How to create a custom dataset for audio recognition

Hi,

I have a question, I have a dataset of audiofiles that I’d like to convert into melspectogram and I want to use tourchaudio library to convert audio into a tensor directly. I’ve seen some people doing this by saving as an image, and I’d like to bypass that step, and train directly as a tensor. My question is, how should I do regarding, creating a Dataloader so that I can do this computational expensive operation and taking advantage of the fact that each folder is the label that contains all the training data for that class. The end goal is create a classification algorithm

Thanks so much!

You could create a custom Dataset as explained in this tutorial and apply the transformation on each sample in the __getitem__ of this class. To create the class indices based on the folder structure you could reuse the logic from DatasetFolder.

Similarly to the previous answer, you can also checkout the audio classification tutorial and update the line tensors += [waveform] in collate_fn to tensors += [transform(waveform)] where transform is whatever transform you want.

If your goal is to apply the transform, save the transformed waveform to disk to avoid recomputing it later, and then create a new dataset with this, then you could also try to cache dynamically your dataset using something like diskcache_iterator.

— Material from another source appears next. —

(* Assume $\mu_1=\mu_2=\mu_3=1$ and fix decision points. (i) If $\mathcal P$ is finite, then the triangle process has finitely many periodic orbits and every trajectory, from any starting point, converges onto one of them. (ii) (Whether or not $\mathcal P$ is finite.) If $z\notin\overline{\mathcal P}$ and the trajectory starting at $z$ converges onto the periodic orbit $u_1,\dots,u_m$, then there is $\varepsilon>0$ such that from every $z'\in\mathcal N_\varepsilon(z)$ there is a unique trajectory, and it converges onto this orbit. (iii) Any periodic orbit $u_1,\dots,u_m$ with $u_n\notin\overline{\mathcal P}$ for every $n$ is stable.
   Context: Fix $\rho_1,\rho_2,\rho_3\in(0,1)$ with $\rho_1+\rho_2+\rho_3>1$, $\mu_i=1$, $\theta:=\rho_1+\rho_2+\rho_3-1$. $A_i^0:=\{y\in\mathbb R^3: y_1+y_2+y_3=1, y_i=0, y_l\ge0\}$, $A^0:=\bigcup_iA_i^0$; for $z\in A^0\setminus A_j^0$, $f_j(z):=\sum_{i\neq j}\frac{(1-\rho_j)z_i+\rho_i z_j}{(1-\rho_j)+\theta z_j}e_i$. For $(\hat i,\hat j,\hat k)$ equal to $(1,2,3)$ or a cyclic permutation, $(1-x)e_{\hat j}+xe_{\hat k}\in A^0_{\hat i}$ is written $(x,\hat i)$, $\pi((x,\hat i)):=x$. $|z-z'|_1:=\|z-z'\|/\sqrt2$. Decision points $d_1,d_2,d_3\in(0,1)$ (identified with $(d_{\hat i},\hat i)$); switching rule $\mathfrak R((x,\hat i))=\hat j$ if $x<d_{\hat i}$, $\hat k$ if $x>d_{\hat i}$, both allowed if $x=d_{\hat i}$; $\varphi(z):=f_{\mathfrak R(z)}(z)$. A trajectory is $(z(t))_{t\ge0}$ with $z(t+1)\in\varphi(z(t))$. $z$ is a pre-image of $z'$ if some trajectory from $z$ has $z(t)=z'$ for some $t\ge1$. $\mathcal P$ is the set consisting of the decision points and all their pre-images; $\overline{\mathcal P}$ its closure. Periodic orbit: $u_1,\dots,u_m$ with $u_{n+1}\in\varphi(u_n)$, $u_1\in\varphi(u_m)$. A trajectory converges onto it if there is $n_0$ with $|z(mt+n+n_0)-u_n|_1\to0$ ($t\to\infty$) for each $n$. For $z=(x,\hat i)$, $\mathcal N_\varepsilon(z):=\{z'\in A^0_{\hat i}:|\pi(z')-x|<\varepsilon\}$. An orbit is stable if for each $n$ there is $\varepsilon>0$ such that all trajectories from any $z\in\mathcal N_\varepsilon(u_n)$ converge onto the orbit. *)

theory Defs
  imports "HOL-Analysis.Analysis"
begin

you can use something simple like this:

from torch.utils.data import Dataset as TorchDataset

class SpectrogramDataset(TorchDataset):

    def __init__(self,file_label_ds,  process_func, audio_path=""):
        self.ds= file_label_ds
        self.process_func = process_func
        self.audio_path=audio_path
    def __getitem__(self, index):
        file,label=self.ds[index]
        x=self.process_func(self.audio_path+file)
        return x, file, label
    def __len__(self):
        return len(self.ds)

file_label_ds is a dataset that gives you the file name and label.
process_func is a function that takes the full audio path and return the spectrogram.
PS: this helps you to extract the spectrograms in parallel using the CPU (if you have num_workers>0), this won’t work if you use the gpu to extract the spectrograms.

Great stuff, truy appreciate the pointers, I did a rough implementation based on your suggestions! I have a small issue, and confirm if I’m thinking about this in the right way! I saw some examples where in the pre-process step, converts audio into images, but I’d like to convert straight into a tensor. And also, keep the dataset with the fix size. I have audiofiles with different durations. How can I accomplish this in the context of spectrogram?

If I understood correctly, there are two different ways I can create this dataloader, one is by creating a class, and overriding the getitem method, and the other is passing a collate_fn method. Is this a fair assessment?